19 May 2015
We reported in Enforcement Watch 13 on the Upper Tribunal judgment in April 2014 on when a third party was identified in a relevant Notice and had consequent third party rights in relation to it (see "10 April 2014: Upper Tribunal London Whale finding on identification of an individual"). As we reported, the matter was then appealed by the FCA. The Court of Appeal has now handed down its judgment.
Readers will have the background to this case in our Enforcement Watch 13 article. But briefly put, the background to the case was the London Whale affair. A senior individual at JPMorgan Chase (Achilles Macris) argued that, although he had not been referred to by name, he had nevertheless been identified in the Notices given to the Bank and that he had been prejudiced. If so, under s393 FSMA, he ought to have been accorded third party rights.
It was common ground that, if he had been identified, he had been prejudiced. The issue was whether he had in fact been identified. The Upper Tribunal found that he had indeed been identified. The FCA appealed to the Court of Appeal.
The Court of Appeal agreed with the Upper Tribunal that Macris had been identified (and prejudiced) and should therefore have had third party rights. However, it set out the test for identification somewhat differently from the Upper Tribunal. Drawing to an extent on the law of defamation as analogous (except in respect of one important proviso), it set out the test as follows:
- The first stage of the test was to ask by reference to the Notice alone whether the relevant statements identified a person other than the person to whom the Notice had been given. That is, for this part of the test, it was not permissible to look at external material.
- To be identified, it was not necessary to be identified by name.
- However, identification did require reference to a person. That is, it was not enough for example to say as one would in defamation for example that there was a reference to a person by implication because of what was generally said in a Notice. So, for example, the mere fact that a statement criticising a corporate recipient might be read by people in the relevant financial market as criticising the Chairman would not of itself be sufficient. There has to be some "key or pointer."
- Having determined that a person other than subject of the Notice was identified, it was then legitimate to have regard to external material in order to identify the person identified.
- As to what external material it was permissible in those circumstances to consider, one looks objectively at whether people acquainted with the person or those who operated in his area of the financial services industry and so had the requisite specialist knowledge of the relevant circumstances, would believe it was that person.
The Court of Appeal had no difficulty in finding that, even though Macris had not been mentioned either by name or by job title, he had nevertheless been identified. The references in the Notice to CIO London management were references to an individual, and that individual was Achilles Macris.

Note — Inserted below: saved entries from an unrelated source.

(* In the standing setup, let $T$ be a valid partial table and let $T(i,b)=\emptyset$. Then either there exists a valid partial table $T'$ with strictly more nonempty positions than $T$, or there are at least $(n-|S_i|)(n-|C_b|)$ positions that are $(i,b)$-removable.
   Context: Standing setup: $M$ is a matroid of rank $n$ on ground set $E$; $f\le n$ is a positive integer; for each $i\in\{1,\dots,f\}$ and $j\in\{1,\dots,n\}$, $B_{i,j}$ is a basis of $M$, and the sets $B_{i,j}$ are pairwise disjoint. A valid partial table $T$ assigns to each position $(i,j)\in[f]\times[n]$ either the symbol $\emptyset$ (the position is empty) or an element $T(i,j)\in B_{i,j}$, such that for every row $i$ the set $S_i=\{T(i,j):T(i,j)\ne\emptyset\}$ is independent and for every column $j$ the set $C_j=\{T(i,j):T(i,j)\neq\emptyset\}$ is independent. Notation: for a set $A$ and an element $z$, "$A+z$ is independent" means $z\notin A$ and $A\cup\{z\}$ is independent; $A-z$ denotes $A\setminus\{z\}$ for $z\in A$; expressions such as $A-z+w$ are read left to right with the same convention. Definitions (with $T(i,b)=\emptyset$): an element $x\in B_{i,c}$ is $(i,b)$-addable if either (1) $T(i,c)=\emptyset$ and both $S_i+x$ and $C_c+x$ are independent, or (2) $T(i,c)=x'\neq\emptyset$ and there is $y\in B_{i,b}$ such that $C_b+y$ and $S_i-x'+y+x$ are independent. A position $(j,c)$ with $T(j,c)=y'\neq\emptyset$ is $(i,b)$-removable if there is an $(i,b)$-addable element $x\in B_{i,c}$ such that $C_c-y'+x$ is independent. *)

theory Defs
  imports Main
begin

definition matroid :: "'a set \<Rightarrow> ('a set \<Rightarrow> bool) \<Rightarrow> bool" where
  "matroid E indep \<longleftrightarrow>
     finite E \<and> indep {} \<and>
     (\<forall>A. indep A \<longrightarrow> A \<subseteq> E) \<and>
     (\<forall>A B. indep B \<and> A \<subseteq> B \<longrightarrow> indep A) \<and>
     (\<forall>A B. indep A \<and> indep B \<and> card A < card B \<longrightarrow>
        (\<exists>x \<in> B - A. indep (insert x A)))"

definition basis :: "'a set \<Rightarrow> ('a set \<Rightarrow> bool) \<Rightarrow> 'a set \<Rightarrow> bool" where
  "basis E indep B \<longleftrightarrow> B \<subseteq> E \<and> indep B \<and> (\<forall>C. C \<subseteq> E \<and> indep C \<and> B \<subseteq> C \<longrightarrow> C = B)"

definition matroid_rank_is :: "'a set \<Rightarrow> ('a set \<Rightarrow> bool) \<Rightarrow> nat \<Rightarrow> bool" where
  "matroid_rank_is E indep n \<longleftrightarrow> (\<exists>B. basis E indep B \<and> card B = n)"

definition indep_add :: "('a set \<Rightarrow> bool) \<Rightarrow> 'a set \<Rightarrow> 'a \<Rightarrow> bool" where
  "indep_add indep A z \<longleftrightarrow> z \<notin> A \<and> indep (insert z A)"

(* Tables: positions (i,j) with i \<in> {1..f}, j \<in> {1..n}; None = empty. *)
definition row_set :: "nat \<Rightarrow> (nat \<Rightarrow> nat \<Rightarrow> 'a option) \<Rightarrow> nat \<Rightarrow> 'a set" where
  "row_set n T i = {x. \<exists>j \<in> {1..n}. T i j = Some x}"

definition col_set :: "nat \<Rightarrow> (nat \<Rightarrow> nat \<Rightarrow> 'a option) \<Rightarrow> nat \<Rightarrow> 'a set" where
  "col_set f T j = {x. \<exists>i \<in> {1..f}. T i j = Some x}"

definition valid_table ::
  "('a set \<Rightarrow> bool) \<Rightarrow> nat \<Rightarrow> nat \<Rightarrow> (nat \<Rightarrow> nat \<Rightarrow> 'a set) \<Rightarrow> (nat \<Rightarrow> nat \<Rightarrow> 'a option) \<Rightarrow> bool" where
  "valid_table indep f n B T \<longleftrightarrow>
     (\<forall>i \<in> {1..f}. \<forall>j \<in> {1..n}. \<forall>x. T i j = Some x \<longrightarrow> x \<in> B i j) \<and>
     (\<forall>i \<in> {1..f}. indep (row_set n T i)) \<and>
     (\<forall>j \<in> {1..n}. indep (col_set f T j))"

definition num_nonempty :: "nat \<Rightarrow> nat \<Rightarrow> (nat \<Rightarrow> nat \<Rightarrow> 'a option) \<Rightarrow> nat" where
  "num_nonempty f n T = card {(i, j). i \<in> {1..f} \<and> j \<in> {1..n} \<and> T i j \<noteq> None}"
(* Let $I=(x_1,\ldots,x_n)$ be any list of items with sizes $x_i\in(1/3,1]$. Then $$\mathbb{E}[\mathrm{BF}(I^\sigma)] \le \frac{5}{4}\,\mathrm{OPT}(I)+\frac14,$$ where $\sigma$ is drawn uniformly at random from the set $\mathcal{S}_n$ of permutations of $[n]$ and the expectation is over $\sigma$.
   Context: Bin packing: given a list $I=(x_1,\ldots,x_n)$ of items with sizes in $(0,1]$, a packing assigns items to unit-capacity bins so that the total size of items in each bin is at most $1$. $\mathrm{OPT}(I)$ denotes the minimum number of bins in a feasible packing. The online algorithm Best Fit (BF) processes the items in the given order and packs the current item into the fullest bin (largest current load) into which it fits, opening a new bin if it fits into no existing bin; items are never moved. $\mathrm{BF}(I)$ denotes the number of bins Best Fit uses on list $I$. For a permutation $\sigma\in\mathcal{S}_n$, $I^\sigma=(x_{\sigma(1)},\ldots,x_{\sigma(n)})$. *)

theory Defs
  imports Complex_Main "HOL-Combinatorics.Permutations"
begin

definition feasible_packing :: "real list \<Rightarrow> nat \<Rightarrow> (nat \<Rightarrow> nat) \<Rightarrow> bool" where
  "feasible_packing xs k f \<longleftrightarrow>
     (\<forall>i<length xs. f i < k) \<and>
     (\<forall>b<k. (\<Sum>i\<in>{i. i < length xs \<and> f i = b}. xs ! i) \<le> 1)"

definition OPT :: "real list \<Rightarrow> nat" where
  "OPT xs = (LEAST k. \<exists>f. feasible_packing xs k f)"

(* Best Fit step: loads is the list of current bin loads (in opening order).
   The item x goes into a fullest bin into which it fits (first such bin among
   those of maximal load; ties between equal loads are irrelevant since bins
   with equal load are interchangeable), or into a new bin. *)
definition bf_step :: "real list \<Rightarrow> real \<Rightarrow> real list" where
  "bf_step loads x =
     (let fits = filter (\<lambda>j. loads ! j + x \<le> 1) [0..<length loads] in
      if fits = [] then loads @ [x]
      else let m = Max ((\<lambda>j. loads ! j) ` set fits);
               j = hd (filter (\<lambda>j. loads ! j = m) fits)
           in loads[j := loads ! j + x])"

definition BF :: "real list \<Rightarrow> nat" where
  "BF xs = length (foldl bf_step [] xs)"

(* I^sigma = (x_{sigma(1)}, ..., x_{sigma(n)}), 0-indexed *)
definition permute_list_by :: "(nat \<Rightarrow> nat) \<Rightarrow> real list \<Rightarrow> real list" where
  "permute_list_by \<sigma> xs = map (\<lambda>i. xs ! \<sigma> i) [0..<length xs]"

definition expected_BF_random_order :: "real list \<Rightarrow> real" where
  "expected_BF_random_order xs =
     (\<Sum>\<sigma>\<in>{\<sigma>. \<sigma> permutes {..<length xs}}. real (BF (permute_list_by \<sigma> xs)))
       / real (fact (length xs))"

end

(* Items larger than 1/3 go at most two to a bin, in an optimal packing as well as in
   Best Fit.  Call an item large if it exceeds 1/2 and small otherwise.  In an optimal
   packing no two large items share a bin; if D is the set of small items sharing a bin
   with a large item g c, counting gives 2 n <= 2 OPT + #small + |D| and |D| <= OPT.
   Best Fit never keeps two bins of load at most 1/2, whence 2 BF + #small + k <= 2 n + 1,
   where k is the number of Best Fit bins pairing a large with a small item.  A potential
   argument shows k >= #{c in D. c arrives after g c}, so 2 BF <= 2 OPT + Y + 1 where Y
   counts the c in D arriving before g c.  Swapping the positions of one c in D and g c
   pairs up the permutations so that E[(Y + 1) div 2] <= (|D| + 1) / 4 <= (OPT + 1) / 4. *)

theory Submission
  imports Defs
begin

definition bf_target :: "real list \<Rightarrow> real \<Rightarrow> nat option" where
  "bf_target loads x =
     (let fits = filter (\<lambda>j. loads ! j + x \<le> 1) [0..<length loads] in
      if fits = [] then None
      else Some (hd (filter (\<lambda>j. loads ! j = Max ((\<lambda>j. loads ! j) ` set fits)) fits)))"

lemma bf_step_eq_bf_target:
  "bf_step loads x =
     (case bf_target loads x of None \<Rightarrow> loads @ [x] | Some j \<Rightarrow> loads[j := loads ! j + x])"
  by (simp add: bf_step_def bf_target_def Let_def)

lemma bf_target_None_iff: "bf_target loads x = None \<longleftrightarrow> (\<forall>l\<in>set loads. 1 < l + x)"
  by (auto simp: bf_target_def Let_def filter_empty_conv in_set_conv_nth not_le) force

You can read the Court of Appeal's decision here.
We wrote in our commentary on the case in front of the Upper Tribunal about the very real practical implications generally of a finding that Macris had been identified.
The Court of Appeal also stated that Macris himself was under investigation. This finding that he should have been given third party right in the corporate's case will presumably cause some real headaches for the FCA in its case against him.
Beyond the practical issues, it is also interesting to consider where this case may now go as, in some respects, the precise practical ambit of the new test is not clear. For example, the Court of Appeal rather suggested that the Upper Tribunal's test was too wide, by permitting at the second stage unlimited reference to public domain material. The Court of Appeal suggested an objective test. This was based on what information would objectively be known by those acquainted with the person/those with specialist knowledge. However, it is not clear how one decides for example what might objectively be known by someone acquainted with that person. That is a matter that we would expect to be resolved by witness evidence of what such people in fact knew. What is more, what those people in fact knew may well be significantly more than is in the public domain. If that was permitted to be considered, the material that could be taken into account could be far wider and more uncertain than set out in the Upper Tribunal's decision.
The FCA asked for permission to appeal to the Supreme Court, but was refused. We shall have to see whether it takes the matter further. It may well wish to do so.